Records for this exercise START
lemma not_done_prob_eq_cond_unfinished:
  assumes "knock_seq d \<pi>"
  shows "not_done_prob d phi \<pi> N = cond_unfinished phi \<pi> N d d (replicate (Suc N) {})"
proof -
  have "not_done_prob d phi \<pi> N
      = (\<Sum>c\<in>histories N (d-d). history_weight phi \<pi> N (d-d) c * cond_unfinished phi \<pi> N d d c)"
    unfolding not_done_prob_eq_sum_histories[OF assms] by (rule sum_histories_peel) simp
  then show ?thesis by (simp add: histories_0 history_weight_def)
qed

text \<open>The mean of w(T), truncated at n, for an opening time T with P(T < t) = f t.\<close>

definition opening_mean :: "(nat \<Rightarrow> real) \<Rightarrow> (nat \<Rightarrow> real) \<Rightarrow> nat \<Rightarrow> real" where
  "opening_mean f w n = (\<Sum>t<n. (f (Suc t) - f t) * w t) + (1 - f n) * w n"

lemma opening_mean_abel:
  "opening_mean f w n = w n - f 0 * w 0 + (\<Sum>t<n. f (Suc t) * (w t - w (Suc t)))"
  unfolding opening_mean_def by (induction n) (simp_all add: algebra_simps)

lemma opening_mean_mono_prob:
  assumes "f 0 = g 0" "\<And>t. t \<le> n \<Longrightarrow> g t \<le> f t" "\<And>t. t < n \<Longrightarrow> w t \<le> w (Suc t)"
  shows "opening_mean f w n \<le> opening_mean g w n"
proof -
  have "(\<Sum>t<n. f (Suc t) * (w t - w (Suc t))) \<le> (\<Sum>t<n. g (Suc t) * (w t - w (Suc t)))"
    using assms(2,3) by (intro sum_mono mult_right_mono_neg) auto
  then show ?thesis unfolding opening_mean_abel using assms(1) by simp
qed

lemma opening_mean_mono_value:
  assumes "\<And>t. t < n \<Longrightarrow> f t \<le> f (Suc t)" "f n \<le> 1" "\<And>t. t \<le> n \<Longrightarrow> w t \<le> w' t"
  shows "opening_mean f w n \<le> opening_mean f w' n"
  unfolding opening_mean_def using assms
  by (intro add_mono sum_mono mult_left_mono) auto

definition opening_seq :: "nat \<Rightarrow> nat \<Rightarrow> bool list" where
  "opening_seq N t = map (\<lambda>r. t < r) [0..<Suc N]"

lemma length_opening_seq [simp]: "length (opening_seq N t) = Suc N"
  unfolding opening_seq_def by simp

lemma nth_opening_seq: "r < Suc N \<Longrightarrow> opening_seq N t ! r \<longleftrightarrow> t < r"
  unfolding opening_seq_def by (simp del: upt_Suc)

lemma opening_seq_door_traces: "opening_seq N t \<in> door_traces N"
  unfolding door_traces_def by simp

lemma inj_on_opening_seq: "inj_on (opening_seq N) {..N}"
proof (rule inj_onI)
  fix t u assume tu: "t \<in> {..N}" "u \<in> {..N}" and eq: "opening_seq N t = opening_seq N u"
  have key: "t < r \<longleftrightarrow> u < r" if "r \<le> N" for r
    using eq that by (metis less_Suc_eq_le nth_opening_seq)
  show "t = u"
  proof (rule ccontr)
    assume "t \<noteq> u"
    then show False using key[of "Suc (min t u)"] tu by (cases "t < u") auto
  qed
qed

lemma monotone_trace_eq_opening_seq:
  assumes "length b = Suc N" "\<not> b!0" "\<And>s. s < N \<Longrightarrow> b!s \<Longrightarrow> b!Suc s"
  shows "b \<in> opening_seq N ` {..N}"
proof (cases "\<exists>r\<le>N. b!r")
  case False
  then have "b = opening_seq N N"
    using assms(1) by (intro nth_equalityI) (auto simp: nth_opening_seq)
  then show ?thesis by blast
next
  case True
  define r0 where "r0 = (LEAST r. r \<le> N \<and> b!r)"
  have r0: "r0 \<le> N" "b!r0"
    using LeastI_ex[OF True] unfolding r0_def by auto
  have before: "\<not> b!r" if "r < r0" for r
    using not_less_Least[OF that[unfolded r0_def]] that r0 by simp
  have after: "b!r" if "r0 \<le> r" "r \<le> N" for r
    using that by (induction r rule: dec_induct) (use r0 assms(3) in auto)
  have "0 < r0" using r0 assms(2) by (cases r0) auto
  have "b = opening_seq N (r0 - 1)"
  proof (rule nth_equalityI)
    fix r assume "r < length b"
    then show "b!r = opening_seq N (r0 - 1) ! r"
      using assms(1) before[of r] after[of r] \<open>0 < r0\<close>
      by (cases "r0 \<le> r") (auto simp: nth_opening_seq)
  qed (use assms(1) in simp)
  with r0 show ?thesis by auto
qed

lemma door_trace_support:
  assumes c: "c \<in> histories N (k-1)" and b: "b \<in> door_traces N"
    and nonzero: "door_weight phi \<pi> N k (add_door k c b) \<noteq> 0"
  shows "b \<in> opening_seq N ` {..N}"
proof (rule monotone_trace_eq_opening_seq)
  show "length b = Suc N" using b unfolding door_traces_def by simp
  have mem: "k \<in> add_door k c b ! r \<longleftrightarrow> b!r" if "r < Suc N" for r
    using mem_add_door_self[OF c that] .
  show "\<not> b!0" using nonzero mem[of 0] unfolding door_weight_def by auto
  fix s assume "s < N" "b!s"
  then have "door_factor phi \<pi> k (add_door k c b) s \<noteq> 0"
    using nonzero unfolding door_weight_def by auto
  then show "b!Suc s"
    using mem[of s] mem[of "Suc s"] \<open>s < N\<close> \<open>b!s\<close>
    unfolding door_factor_def by (auto split: if_splits)
qed

text \<open>Also when a = 1, where the quotient is the junk value 0: then a' = 1 as well.\<close>

lemma mult_cond_prob:
  fixes a a' :: real
  assumes "a \<le> a'" "a' \<le> 1"
  shows "(1 - a) * ((a' - a) / (1 - a)) = a' - a"
  using assms by (cases "a = 1") auto

lemma door_weight_prefix_opening_seq:
  assumes phi: "monotone_correlated d phi" and k: "k \<in> {1..d}" and c: "c \<in> histories N (k-1)"
    and "t \<le> N" "n \<le> N"
  defines "cc \<equiv> add_door k c (opening_seq N t)"
  shows "(if k \<in> cc!0 then 0 else 1) * (\<Prod>s<n. door_factor phi \<pi> k cc s)
     = (if t < n then door_prob phi \<pi> k c (Suc t) - door_prob phi \<pi> k c t
        else 1 - door_prob phi \<pi> k c n)"
  using \<open>n \<le> N\<close>
proof (induction n)
  case 0
  show ?case unfolding cc_def using mem_add_door_self[OF c] by (simp add: nth_opening_seq)
next
  case (Suc n)
  define a a' where "a = door_prob phi \<pi> k c n" and "a' = door_prob phi \<pi> k c (Suc n)"
  have mem: "k \<in> cc!r \<longleftrightarrow> t < r" if "r < Suc N" for r
    unfolding cc_def using mem_add_door_self[OF c that] that by (simp add: nth_opening_seq)
  have "door_prob phi \<pi> k cc m = door_prob phi \<pi> k c m" if "m \<le> Suc N" for m
    unfolding cc_def using that length_histories[OF c] by (simp add: door_prob_add_door)
  then have prob: "door_prob phi \<pi> k cc n = a" "door_prob phi \<pi> k cc (Suc n) = a'"
    using Suc.prems unfolding a_def a'_def by simp_all
  define q where "q = (a' - a) / (1 - a)"
  have "a \<le> a'" "a' \<le> 1"
    unfolding a_def a'_def by (auto intro: door_prob_mono[OF phi k] door_prob_bounds[OF phi k])
  then have q: "(1 - a) * q = a' - a"
    unfolding q_def by (rule mult_cond_prob)
  then have q': "(1 - a) * (1 - q) = 1 - a'"
    by (simp add: algebra_simps)
  have factor: "door_factor phi \<pi> k cc n = (if t < n then 1 else if \<pi> n = k then
      (if t = n then q else 1 - q) else if t = n then 0 else 1)"
    using mem[of n] mem[of "Suc n"] Suc.prems unfolding door_factor_def prob Let_def q_def by auto
  have other: "\<pi> n \<noteq> k \<Longrightarrow> a' = a"
    unfolding a_def a'_def by (rule door_prob_Suc_other)
  have "(if k \<in> cc!0 then 0 else 1) * (\<Prod>s<Suc n. door_factor phi \<pi> k cc s)
      = (if t < n then door_prob phi \<pi> k c (Suc t) - door_prob phi \<pi> k c t else 1 - a)
        * door_factor phi \<pi> k cc n"
    using Suc unfolding a_def by simp
  also have "\<dots> = (if t < Suc n then door_prob phi \<pi> k c (Suc t) - door_prob phi \<pi> k c t
      else 1 - a')"
    unfolding factor using q q' other a_def a'_def
    by (cases "t < n"; cases "t = n"; cases "\<pi> n = k") auto
  finally show ?case unfolding a'_def .
qed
Records for this exercise END
• [Problem statement]
Your answer should hold every line of the entries that contains the string "Prod".

• [Finished task]
  shows "(if k \<in> cc!0 then 0 else 1) * (\<Prod>s<n. door_factor phi \<pi> k cc s)
  have "(if k \<in> cc!0 then 0 else 1) * (\<Prod>s<Suc n. door_factor phi \<pi> k cc s)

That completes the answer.